Exercise instructions:
Please tally the lines of the listing that follows where the word "intro" appears, and reply with the number only.

Listed records:
lemma rank_one_sum_add:
  assumes "\<And>u. u \<in> S \<Longrightarrow> a u \<in> carrier_vec m"
  shows "rank_one_sum m S c a + rank_one_sum m S c' a = rank_one_sum m S (\<lambda>u. c u + c' u) a"
  by (intro eq_matI)
    (simp_all add: index_rank_one_sum[OF assms] distrib_right sum.distrib)

lemma logdet_mono: "1 \<le> det X \<Longrightarrow> det X \<le> det Y \<Longrightarrow> logdet X \<le> logdet Y"
  unfolding logdet_def less_eq_complex_def by simp

lemma logdet_rank_one_sum_mono:
  assumes a: "\<And>u. u \<in> S \<Longrightarrow> a u \<in> carrier_vec m"
    and c: "\<And>u. u \<in> S \<Longrightarrow> 0 \<le> c u \<and> c u \<le> c' u"
  shows "logdet (rank_one_sum m S c a + 1\<^sub>m m) \<le> logdet (rank_one_sum m S c' a + 1\<^sub>m m)"
proof -
  let ?S = "rank_one_sum m S c a" and ?D = "rank_one_sum m S (\<lambda>u. c' u - c u) a"
  have S: "pos_semidef m ?S" and D: "pos_semidef m ?D"
    using c by (auto intro!: pos_semidef_rank_one_sum a)
  then have S_carrier: "?S \<in> carrier_mat m m" and D_carrier: "?D \<in> carrier_mat m m"
    unfolding pos_semidef_def by auto
  have split_S: "?S + 1\<^sub>m m = 1\<^sub>m m + ?S"
    using S_carrier by (rule comm_add_mat) simp
  have split_S_D: "rank_one_sum m S c' a + 1\<^sub>m m = 1\<^sub>m m + ?S + ?D"
  proof -
    have sum_eq: "rank_one_sum m S c' a = ?S + ?D"
      using rank_one_sum_add[of S a m c "\<lambda>u. c' u - c u"] a by simp
    have "?S + ?D + 1\<^sub>m m = 1\<^sub>m m + (?S + ?D)"
      using S_carrier D_carrier by (intro comm_add_mat) auto
    also have "\<dots> = 1\<^sub>m m + ?S + ?D"
      using S_carrier D_carrier by (intro assoc_add_mat[symmetric]) auto
    finally show ?thesis unfolding sum_eq .
  qed
  show ?thesis
    unfolding split_S split_S_D
    by (rule logdet_mono[OF one_le_det_one_plus_pos_semidef[OF S] det_one_plus_mono[OF S D]])
qed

Task output:
4